Twenty‐eight days after herbicide application, dead and damaged plants were assessed. Plants were scored as damaged if they had yellow or burned leaves following herbicide treatment. Surviving plants were categorized in two ways to account for the differential outcomes of exposure to herbicide: plants were categorized as ‘surviving’ if they showed no visible effects of herbicide exposure, or ‘damaged’ if they survived but with obvious effects on aboveground tissues. To evaluate the impacts of herbicide exposure, we first combined surviving and damaged individuals, and calculated these as a proportion of the plants treated. Second, we calculated the proportion of plants which survived, compared with the fraction of those that died or were damaged. These two approaches measure resistance in slightly different ways. The first measures the plants that survive application, whether they are damaged or not, while the second measures those plants that are unaffected by the herbicide application. The dry weight of each surviving and damaged plant was measured using high precision scales (GH‐252‐EC, A&D Instruments).

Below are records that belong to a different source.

lemma small_defect_partner:
  fixes a :: "nat \<Rightarrow> real"
  assumes "A > 0" "\<delta> > 0" "p \<ge> 1" "k \<ge> 1" "N \<le> p"
    and lower: "\<And>n. n \<ge> 1 \<Longrightarrow> real n * A \<le> a n"
    and upper: "\<And>n. n \<ge> N \<Longrightarrow> a n < real n * (A + \<delta> * A / 4)"
  obtains m where "k * p \<le> m" "m < 2 * (k * p)" "a p + a m - a (p + m) < \<delta> * min (a p) (a m)"
proof -
  define T where "T = k * p"
  obtain j where "j < k" and j: "real k * (a p + a (T + j * p) - a (T + Suc j * p))
                                   \<le> real k * a p + a T - a (T + k * p)"
    using exists_defect_le_average[OF \<open>k \<ge> 1\<close>] by blast
  define m where "m = T + j * p"
  have "j * p < k * p"
    using \<open>j < k\<close> \<open>p \<ge> 1\<close> by simp
  moreover have "T \<ge> p"
    using \<open>k \<ge> 1\<close> by (simp add: T_def)
  ultimately have m: "T \<le> m" "m < 2 * T" "p \<le> m"
    by (auto simp: m_def T_def intro: le_trans[of p T])
  have "real k * a p + a T - a (T + k * p) < real k * (\<delta> * (real p * A) / 2)"
  proof -
    have "real k * a p < real T * (A + \<delta> * A / 4)"
      using upper[of p] \<open>N \<le> p\<close> \<open>k \<ge> 1\<close> by (simp add: T_def mult.assoc)
    moreover have "a T < real T * (A + \<delta> * A / 4)"
      using upper \<open>N \<le> p\<close> \<open>T \<ge> p\<close> by simp
    moreover have "2 * real T * A \<le> a (T + k * p)"
      using lower[of "T + k * p"] \<open>T \<ge> p\<close> \<open>p \<ge> 1\<close> by (simp add: T_def[symmetric] algebra_simps)
    ultimately show ?thesis
      by (simp add: T_def algebra_simps)
  qed
  moreover have "real k * (a p + a m - a (p + m)) \<le> real k * a p + a T - a (T + k * p)"
    using j by (simp add: m_def algebra_simps)
  ultimately have "real k * (a p + a m - a (p + m)) < real k * (\<delta> * (real p * A) / 2)"
    by linarith
  then have "a p + a m - a (p + m) < \<delta> * (real p * A) / 2"
    by (rule mult_left_less_imp_less) simp
  also have "\<dots> < \<delta> * (real p * A)"
    using assms(1-3) by simp
  also have "\<dots> \<le> \<delta> * min (a p) (a m)"
    using linear_lower_bound_le[of A a p p] linear_lower_bound_le[of A a p m] assms(1-3) lower m
    by (intro mult_left_mono) auto
  finally show ?thesis
    using that m by (simp add: T_def)
qed

lemma small_defect_in_block:
  fixes a :: "nat \<Rightarrow> real"
  assumes "A > 0" "\<delta> > 0" "T \<ge> 1" "N \<le> T"
    and lower: "\<And>n. n \<ge> 1 \<Longrightarrow> real n * A \<le> a n"
    and upper: "\<And>n. n \<ge> N \<Longrightarrow> a n < real n * (A + \<delta> * A / 4)"
    and "T \<le> m" "m < 2 * T" "T \<le> m'" "m' < 2 * T"
  shows "a m + a m' - a (m + m') < \<delta> * min (a m) (a m')"
proof -
  have "a m + a m' - a (m + m') < real m * (A + \<delta> * A / 4) + real m' * (A + \<delta> * A / 4) - real (m + m') * A"
    using upper[of m] upper[of m'] lower[of "m + m'"] assms(3,4,7,9) by simp
  also have "\<dots> = real (m + m') * (\<delta> * A / 4)"
    by (simp add: algebra_simps)
  also have "\<dots> \<le> real (4 * T) * (\<delta> * A / 4)"
    using assms(1,2,8,10) by (intro mult_right_mono) auto
  also have "\<dots> = \<delta> * (real T * A)"
    by simp
  also have "\<dots> \<le> \<delta> * min (a m) (a m')"
  proof -
    have "real T * A \<le> a m" "real T * A \<le> a m'"
      using linear_lower_bound_le[OF _ lower] assms(1,3,7,9) by auto
    then show ?thesis
      using \<open>\<delta> > 0\<close> by (intro mult_left_mono) auto
  qed
  finally show ?thesis .
qed

lemma small_defect_chain:
  fixes a :: "nat \<Rightarrow> real"
  assumes "A > 0" "\<delta> > 0" "N \<ge> 1" "N \<le> n" "N \<le> n'"
    and lower: "\<And>j. j \<ge> 1 \<Longrightarrow> real j * A \<le> a j"
    and upper: "\<And>j. j \<ge> N \<Longrightarrow> a j < real j * (A + \<delta> * A / 4)"
  obtains m m' where "n \<le> m" "n' \<le> m'"
    "a n + a m - a (n + m) < \<delta> * min (a n) (a m)"
    "a m + a m' - a (m + m') < \<delta> * min (a m) (a m')"
    "a n' + a m' - a (n' + m') < \<delta> * min (a n') (a m')"
proof -
  define T where "T = n * n'"
  have "n \<ge> 1" "n' \<ge> 1"
    using assms(3-5) by simp_all
  obtain m where m: "n' * n \<le> m" "m < 2 * (n' * n)" "a n + a m - a (n + m) < \<delta> * min (a n) (a m)"
    using small_defect_partner[OF \<open>A > 0\<close> \<open>\<delta> > 0\<close> \<open>n \<ge> 1\<close> \<open>n' \<ge> 1\<close> \<open>N \<le> n\<close> lower upper] .
  obtain m' where m': "n * n' \<le> m'" "m' < 2 * (n * n')" "a n' + a m' - a (n' + m') < \<delta> * min (a n') (a m')"
    using small_defect_partner[OF \<open>A > 0\<close> \<open>\<delta> > 0\<close> \<open>n' \<ge> 1\<close> \<open>n \<ge> 1\<close> \<open>N \<le> n'\<close> lower upper] .
  have "n \<le> T" "n' \<le> T"
    using \<open>n \<ge> 1\<close> \<open>n' \<ge> 1\<close> by (simp_all add: T_def)
  then have "T \<ge> 1" "N \<le> T"
    using assms(3,4) by simp_all
  moreover have "T \<le> m" "m < 2 * T" "T \<le> m'" "m' < 2 * T"
    using m(1,2) m'(1,2) by (simp_all add: T_def mult.commute)
  ultimately have "a m + a m' - a (m + m') < \<delta> * min (a m) (a m')"
    using small_defect_in_block[OF \<open>A > 0\<close> \<open>\<delta> > 0\<close> _ _ lower upper] by blast
  moreover have "n \<le> m" "n' \<le> m'"
    using \<open>n \<le> T\<close> \<open>n' \<le> T\<close> \<open>T \<le> m\<close> \<open>T \<le> m'\<close> by simp_all
  ultimately show thesis
    using that m(3) m'(3) by blast
qed
lemma Gam_eq_sum:
  assumes "finite F" and "{\<tau>. u \<tau> \<noteq> 0} \<subseteq> F"
  shows "Gam D h u \<sigma> = (\<Sum>\<tau>\<in>F. u \<tau> * Gam D h (kd \<tau>) \<sigma>)"
proof -
  have "Gam D h u \<sigma> = fsum (\<lambda>\<tau>. u \<tau> * Gam D h (kd \<tau>) \<sigma>)"
    unfolding Gam_kd by (simp add: Gam_def)
  also have "\<dots> = (\<Sum>\<tau>\<in>F. u \<tau> * Gam D h (kd \<tau>) \<sigma>)"
    using assms by (intro fsum_eq_sum) auto
  finally show ?thesis .
qed

lemma piT_eq_sum:
  assumes "finite F" and "{\<tau>. u \<tau> \<noteq> 0} \<subseteq> F"
  shows "piT P u \<phi> = (\<Sum>\<tau>\<in>F. u \<tau> * P \<tau> \<phi>)"
  unfolding piT_def using assms by (intro fsum_eq_sum) auto

lemma piT_diff:
  assumes "finite F" and "{\<tau>. u \<tau> \<noteq> 0} \<subseteq> F" and "{\<tau>. u' \<tau> \<noteq> 0} \<subseteq> F"
  shows "piT P (\<lambda>\<tau>. u \<tau> - u' \<tau>) \<phi> = piT P u \<phi> - piT P u' \<phi>"
proof -
  have "piT P (\<lambda>\<tau>. u \<tau> - u' \<tau>) \<phi> = (\<Sum>\<tau>\<in>F. (u \<tau> - u' \<tau>) * P \<tau> \<phi>)"
    using assms by (intro piT_eq_sum) force+
  also have "\<dots> = (\<Sum>\<tau>\<in>F. u \<tau> * P \<tau> \<phi>) - (\<Sum>\<tau>\<in>F. u' \<tau> * P \<tau> \<phi>)"
    by (simp add: sum_subtractf left_diff_distrib)
  also have "\<dots> = piT P u \<phi> - piT P u' \<phi>"
    using piT_eq_sum[OF assms(1,2), where P = P and \<phi> = \<phi>]
      piT_eq_sum[OF assms(1,3), where P = P and \<phi> = \<phi>] by (rule arg_cong2[symmetric])
  finally show ?thesis .
qed

lemma comodule_deg_eq:
  assumes "comodule deg degp cop cou D" and "D \<tau> \<sigma> \<mu> \<noteq> 0"
  shows "deg \<sigma> = deg \<tau> - degp \<mu>"
proof -
  have "\<forall>\<tau> \<sigma> \<mu>. D \<tau> \<sigma> \<mu> \<noteq> 0 \<longrightarrow> deg \<sigma> = deg \<tau> - degp \<mu>"
    using assms(1) unfolding comodule_def by (elim conjE)
  then show ?thesis using assms(2) by blast
qed

lemma comodule_finite_support:
  assumes "comodule deg degp cop cou D"
  shows "finite {\<mu>. D \<sigma> \<rho> \<mu> \<noteq> 0}"
proof -
  have "finite {(\<rho>', \<mu>). D \<sigma> \<rho>' \<mu> \<noteq> 0}"
    using assms unfolding comodule_def by (elim conjE) (rule spec)
  then have "finite (snd ` {(\<rho>', \<mu>). D \<sigma> \<rho>' \<mu> \<noteq> 0})" by (rule finite_imageI)
  moreover have "{\<mu>. D \<sigma> \<rho> \<mu> \<noteq> 0} \<subseteq> snd ` {(\<rho>', \<mu>). D \<sigma> \<rho>' \<mu> \<noteq> 0}"
    by (auto intro: rev_image_eqI[of "(\<rho>, _)"])
  ultimately show ?thesis by (rule finite_subset[rotated])
qed

lemma comodule_Gam_kd_nonzero_deg_le:
  assumes "comodule deg degp cop cou D" and "\<And>\<mu>. 0 \<le> degp \<mu>"
    and "Gam D h (kd \<tau>) \<sigma> \<noteq> 0"
  shows "deg \<sigma> \<le> deg \<tau>"
proof -
  obtain \<mu> where "D \<tau> \<sigma> \<mu> * h \<mu> \<noteq> 0"
    using assms(3) unfolding Gam_kd by (rule fsum_nonzeroE)
  then have "deg \<sigma> = deg \<tau> - degp \<mu>" using assms(1) comodule_deg_eq by force
  then show ?thesis using assms(2)[of \<mu>] by linarith
qed

lemma comodule_Gam_vanishes_above:
  assumes "comodule deg degp cop cou D" and "\<And>\<mu>. 0 \<le> degp \<mu>"
    and "finite {\<tau>. deg \<tau> < \<gamma>}" and "\<And>\<tau>. \<gamma> \<le> deg \<tau> \<Longrightarrow> u \<tau> = 0"
    and "\<gamma> \<le> deg \<sigma>"
  shows "Gam D h u \<sigma> = 0"
proof -
  have "Gam D h (kd \<tau>) \<sigma> = 0" if "deg \<tau> < \<gamma>" for \<tau>
    using comodule_Gam_kd_nonzero_deg_le[OF assms(1,2)] that assms(5) by force
  then show ?thesis
    by (simp add: Gam_eq_sum[OF assms(3) support_subset_deg_less[OF assms(4)]])
qed

lemma concrete_RS_finite_deg_less:
  "concrete_RS A deg Ap degp mp unit cop cou ant D \<Longrightarrow> finite {\<tau>. deg \<tau> < \<gamma>}"
  unfolding concrete_RS_def using graded_T_finite_deg_less by blast

lemma concrete_RS_Gam_vanishes_above:
  assumes "concrete_RS A deg Ap degp mp unit cop cou ant D"
    and "\<And>\<tau>. \<gamma> \<le> deg \<tau> \<Longrightarrow> u \<tau> = 0" and "\<gamma> \<le> deg \<sigma>"
  shows "Gam D h u \<sigma> = 0"
proof -
  have "comodule deg degp cop cou D" "\<And>\<mu>. 0 \<le> degp \<mu>"
    using assms(1) unfolding concrete_RS_def graded_Tp_def by auto
  from this concrete_RS_finite_deg_less[OF assms(1)] assms(2,3) show ?thesis
    by (rule comodule_Gam_vanishes_above)
qed

subsection \<open>Estimates\<close>

definition coaction_l1_norm :: "('b \<Rightarrow> real) \<Rightarrow> ('b \<Rightarrow> 'b \<Rightarrow> 'c \<Rightarrow> real) \<Rightarrow> real \<Rightarrow> real" where
  "coaction_l1_norm deg D \<gamma> =
     (\<Sum>\<rho>\<in>{\<rho>. deg \<rho> < \<gamma>}. \<Sum>\<sigma>\<in>{\<sigma>. deg \<sigma> < \<gamma>}. fsum (\<lambda>\<mu>. \<bar>D \<sigma> \<rho> \<mu>\<bar>))"

lemma coaction_l1_norm_nonneg: "0 \<le> coaction_l1_norm deg D \<gamma>"
  unfolding coaction_l1_norm_def by (intro sum_nonneg fsum_nonneg) auto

The herbicide assay was conducted as a randomized block design: there were 30 pots per block (five blocks in total), five populations of A. myosuroides, two levels of herbicide doses, and as pre‐treatment three levels of drought stress for a total of 150 pots.

Experiment 2. The role of non‐genetic inheritance

In July 2016, seeds of A. myosuroides were collected from 15 arable winter cereal fields across England. Following collection, seeds were threshed and cleaned to eliminate unfilled seeds and debris, then stored in a paper bag in dark/dry condition (i.e., fridge 4°C) until needed. In October 2016, the seeds of all populations were located in an incubator at 30°C for 42 days to break primary seed dormancy.

Plant cloning and drought stress treatment

In March 2017, nine seeds of each population were sown at a planting depth of 50 mm below the soil surface. The pots were maintained in a greenhouse with a 14‐h day length and supplementary lighting. Temperature was set to 23°C during daylight hours, and 15°C during nighttime. After sowing, pots were well‐watered thoroughly from above to ensure seed germination. Following emergence, seedlings similar in height ~40 mm and number of leaves (1 leaf) were thinned to three plants per pot to ensure sufficient plant material.

In April 2017, 35 days after sowing (3–4 tiller stage), each plant was divided into two clones. Plants were cloned to produce two identical seedlings for the investigation of the role of epigenetic mechanism in herbicide resistance evolution. The root of each cloned plant was cut to approximately 1 cm, and the plant shoots were trimmed 4‒5 cm. The cloned plants were replanted in a clone‐propagation tray for 2 weeks. On April 24th 2017, all the cloned plants were re‐potted in plastic pots same size and mixture contain as previously described, and allowed to establish for 1 week before initiating a drought stress treatment.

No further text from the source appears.